Moves closer to collective sale
LAGUNA Park condominium along Marine Parade Road could be up for collective sale, with about 77 per cent of tenants so far agreeing to it, Channel NewsAsia reported. 
 
The sales committee could expect a few more signatures in the coming days to cross the 80 per cent trigger point which will move the en bloc process forward. Channel NewsAsia understands that the asking price is about $1.2 billion. Each owner stands to pocket between $1.8 million and $2.1 million.
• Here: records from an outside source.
lemma expsig_nonzero:
  assumes n: "nx \<noteq> 0 \<or> ny \<noteq> 0 \<or> nz \<noteq> 0"
  shows "expsig \<alpha> (nsigma nx ny nz) \<noteq> 0"
proof
  assume "expsig \<alpha> (nsigma nx ny nz) = 0"
  then have "smat (of_real (cos \<alpha>)) Id2 + smat (\<i> * of_real (sin \<alpha>)) (nsigma nx ny nz)
      = smat 0 Id2 + smat 0 (nsigma nx ny nz)"
    by (simp add: expsig_def)
  then have "cos \<alpha> = 0" "sin \<alpha> = 0"
    unfolding smat_Id2_nsigma_eq_iff[OF n] by simp_all
  then show False
    using sin_cos_squared_add[of \<alpha>] by simp
qed

lemma multiple_of_expsig_iff:
  assumes n: "nx \<noteq> 0 \<or> ny \<noteq> 0 \<or> nz \<noteq> 0"
  shows "(\<exists>\<mu>. smat p Id2 + smat q (nsigma nx ny nz) = smat \<mu> (expsig \<alpha> (nsigma nx ny nz)))
    \<longleftrightarrow> \<i> * of_real (sin \<alpha>) * p - of_real (cos \<alpha>) * q = 0"
proof
  assume "\<exists>\<mu>. smat p Id2 + smat q (nsigma nx ny nz) = smat \<mu> (expsig \<alpha> (nsigma nx ny nz))"
  then obtain \<mu> :: complex where "p = \<mu> * of_real (cos \<alpha>)" "q = \<mu> * (\<i> * of_real (sin \<alpha>))"
    unfolding smat_expsig smat_Id2_nsigma_eq_iff[OF n] by blast
  then show "\<i> * of_real (sin \<alpha>) * p - of_real (cos \<alpha>) * q = 0"
    by simp
next
  assume rel: "\<i> * of_real (sin \<alpha>) * p - of_real (cos \<alpha>) * q = 0"
  define \<mu> :: complex where "\<mu> = of_real (cos \<alpha>) * p - \<i> * of_real (sin \<alpha>) * q"
  have "p = \<mu> * of_real (cos \<alpha>)" "q = \<mu> * (\<i> * of_real (sin \<alpha>))"
    using rel cos_sin_squared_add_complex[of \<alpha>] i_squared unfolding \<mu>_def by algebra+
  then show "\<exists>\<mu>. smat p Id2 + smat q (nsigma nx ny nz) = smat \<mu> (expsig \<alpha> (nsigma nx ny nz))"
    unfolding smat_expsig by metis
qed

lemma realizes_iff:
  assumes n: "nx \<noteq> 0 \<or> ny \<noteq> 0 \<or> nz \<noteq> 0"
  shows "realizes (nsigma nx ny nz) \<alpha> T
    \<longleftrightarrow> T \<noteq> 0 \<and> (\<forall>a. \<exists>\<mu>. T $ a = smat \<mu> (expsig \<alpha> (nsigma nx ny nz)))"
proof
  assume "realizes (nsigma nx ny nz) \<alpha> T"
  then obtain v c where "v \<noteq> 0" "c \<noteq> 0" and T: "T = tens v (smat c (expsig \<alpha> (nsigma nx ny nz)))"
    unfolding realizes_def by blast
  then obtain a where "v $ a \<noteq> 0"
    by (auto simp: vec_eq_iff)
  then have "T $ a \<noteq> 0"
    using \<open>c \<noteq> 0\<close> expsig_nonzero[OF n] by (simp add: T tens_def smat_eq_0_iff)
  then have "T \<noteq> 0"
    by (metis zero_index)
  moreover have "T $ a = smat (v $ a * c) (expsig \<alpha> (nsigma nx ny nz))" for a
    by (simp add: T tens_def)
  ultimately show "T \<noteq> 0 \<and> (\<forall>a. \<exists>\<mu>. T $ a = smat \<mu> (expsig \<alpha> (nsigma nx ny nz)))"
    by blast
next
  assume "T \<noteq> 0 \<and> (\<forall>a. \<exists>\<mu>. T $ a = smat \<mu> (expsig \<alpha> (nsigma nx ny nz)))"
  then obtain \<mu> where "T \<noteq> 0" and T: "\<And>a. T $ a = smat (\<mu> a) (expsig \<alpha> (nsigma nx ny nz))"
    by (metis choice)
  then have "T = tens (\<chi> a. \<mu> a) (smat 1 (expsig \<alpha> (nsigma nx ny nz)))" "(\<chi> a. \<mu> a) \<noteq> 0"
    by (auto simp: vec_eq_iff tens_def)
  then show "realizes (nsigma nx ny nz) \<alpha> T"
    unfolding realizes_def using one_neq_zero by blast
qed

section \<open>Outcomes realizing \<open>e\<^sup>i\<^sup>\<alpha>\<^sup>\<sigma>\<close>\<close>

definition zsign :: "2 \<Rightarrow> complex" where
  "zsign a = (if a = 0 then 1 else -1)"

definition hadamard_basis :: "2 \<Rightarrow> qvec" where
  "hadamard_basis a = (if a = 0 then ket_plus else ket_minus)"

lemma hadamard_basis_nonzero: "hadamard_basis a \<noteq> 0"
  by (simp add: hadamard_basis_def ket_plus_def ket_minus_def vec_eq_iff)

lemma onb_hadamard_basis: "onb hadamard_basis"
proof -
  have "complex_of_real (1 / sqrt 2) * complex_of_real (1 / sqrt 2) = 1 / 2"
    by (simp flip: of_real_mult)
  then show ?thesis
    by (simp add: onb_braket all_2 braket_eq hadamard_basis_def ket_plus_def ket_minus_def)
qed

lemma exists_braket_hadamard_basis_nonzero:
  assumes "v \<noteq> 0"
  obtains a where "braket v (hadamard_basis a) \<noteq> 0"
proof -
  have "hadamard_basis 0 $ 0 * hadamard_basis 1 $ 1 \<noteq> hadamard_basis 0 $ 1 * hadamard_basis 1 $ 0"
    by (simp add: hadamard_basis_def ket_plus_def ket_minus_def)
  then show ?thesis
    using that assms eq_0_if_orthogonal_to_independent by blast
qed

lemma residual_eq:
  "residual \<sigma> \<beta> \<gamma> j k $ a = smat (braket (\<beta> j) (hadamard_basis a) / 2)
     (smat (cnj (\<gamma> k $ 0)) Id2 + smat (zsign a * cnj (\<gamma> k $ 1)) \<sigma>)"
  unfolding vec_eq_iff
  by (auto simp: residual_def sum_component sum_UNIV_2 hybridS_def coef_def braket_eq
      hadamard_basis_def ket_plus_def ket_minus_def zsign_def Id2_def algebra_simps)

text \<open>\<open>\<langle>\<gamma>|exp_annihilator \<alpha> a\<rangle> = 0\<close> iff \<open>cnj (\<gamma>$0) I + zsign a cnj (\<gamma>$1) \<sigma>\<close> is a
  multiple of \<open>e\<^sup>i\<^sup>\<alpha>\<^sup>\<sigma>\<close>.\<close>

definition exp_annihilator :: "real \<Rightarrow> 2 \<Rightarrow> qvec" where
  "exp_annihilator \<alpha> a = (\<chi> t. if t = 0 then \<i> * of_real (sin \<alpha>) else - zsign a * of_real (cos \<alpha>))"

lemma residual_component_multiple_iff:
  assumes n: "nx \<noteq> 0 \<or> ny \<noteq> 0 \<or> nz \<noteq> 0"
  shows "(\<exists>\<mu>. residual (nsigma nx ny nz) \<beta> \<gamma> j k $ a = smat \<mu> (expsig \<alpha> (nsigma nx ny nz)))
    \<longleftrightarrow> braket (\<beta> j) (hadamard_basis a) * braket (\<gamma> k) (exp_annihilator \<alpha> a) = 0"
proof (cases "braket (\<beta> j) (hadamard_basis a) = 0")
  case True
  then show ?thesis
    by (metis residual_eq div_0 mult_zero_left smat_0)
next
  case False
  define x where "x = braket (\<beta> j) (hadamard_basis a)"
  define L where "L = smat (cnj (\<gamma> k $ 0)) Id2 + smat (zsign a * cnj (\<gamma> k $ 1)) (nsigma nx ny nz)"
  have "(\<exists>\<mu>. smat (x / 2) L = smat \<mu> (expsig \<alpha> (nsigma nx ny nz)))
      \<longleftrightarrow> (\<exists>\<mu>. L = smat \<mu> (expsig \<alpha> (nsigma nx ny nz)))"
  proof
    assume "\<exists>\<mu>. smat (x / 2) L = smat \<mu> (expsig \<alpha> (nsigma nx ny nz))"
    then obtain \<mu> where "smat (x / 2) L = smat \<mu> (expsig \<alpha> (nsigma nx ny nz))" ..
    then have "smat (2 / x) (smat (x / 2) L) = smat (2 / x * \<mu>) (expsig \<alpha> (nsigma nx ny nz))"
      by simp
    then show "\<exists>\<mu>. L = smat \<mu> (expsig \<alpha> (nsigma nx ny nz))"
      using False by (auto simp: x_def)
  qed auto
  also have "\<dots> \<longleftrightarrow> braket (\<gamma> k) (exp_annihilator \<alpha> a) = 0"
    unfolding L_def multiple_of_expsig_iff[OF n]
    by (simp add: braket_eq exp_annihilator_def algebra_simps)
  finally show ?thesis
    using False by (simp add: residual_eq x_def L_def)
qed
It works out to about $633 per square foot of gross floor area, Channel NewsAsia said. 
 
Nicholas Mak, director, consultancy and research, Knight Frank, said: ‘In today’s market, the owners will probably have to lower their expectation, easily by 20 per cent.’ 
 
Laguna Park condominium sits on 667,000 sq ft of land with a plot ratio of 2.8.
 
8. Written by News on 28-08-2008 15:12
 
 
Condo’s MC chairman nabbed
THE chairman of the management committee at Laguna Park , recently hit by a spate of vandalism, was arrested this week on suspicion of gluing shut two residents’ apartment doors. 
 
No charges were brought against Mr Lee Kok Leong, 61, who has since been released on police bail.... 
 
The possibility of a collective sale of the units in this seaside estate arose last December. 
 
Residents have until the end of this year to secure an 80 per cent vote to put it up for sale. 
 
So far, 65 per cent have indicated their agreement to it. 
 
Residents have been told by a property valuer that an average unit could be worth more than $2.1 million in a collective sale, and the penthouses, almost $4m.
 
9. Written by News on 22-08-2008 03:42
 
 
En bloc spat
FIRST cars, now letter boxes. 
 
Several residents of the Laguna Park condominium in Marine Parade Road had their mailboxes vandalised last night. 
 
In the third such attack this month, vandals used glue to seal the keyholes of eight letter boxes - all belonging to residents who had not signed the condominium's en bloc sales agreement. 
 
For some victims, last night's attack was the second time they had been hit. 
 
Several had their cars damaged last month when vandals threw a corrosive liquid, possibly paint thinner, on them. 
 
Police are investigating.
 
10. Written by News on 28-07-2008 19:54
 
 
Car vandals strike again
THE Laguna Park car vandals have struck again: At least two more cars have been hit, including one which had already been targeted before. 
 
Residents of the 530-unit development in Marine Parade Road say the three latest attacks bring the total number of vandalism cases to at least nine in the last month. 
 
Coincidentally, all but one of the cars belong to owners who have not yet agreed to the sale. 
 
As of last Saturday, close to 64 per cent of home owners had voted for the proposed sale, according to notices put up around the estate. 
 
The sales committee has until the end of the year to garner the 80 per cent vote needed to proceed with the deal.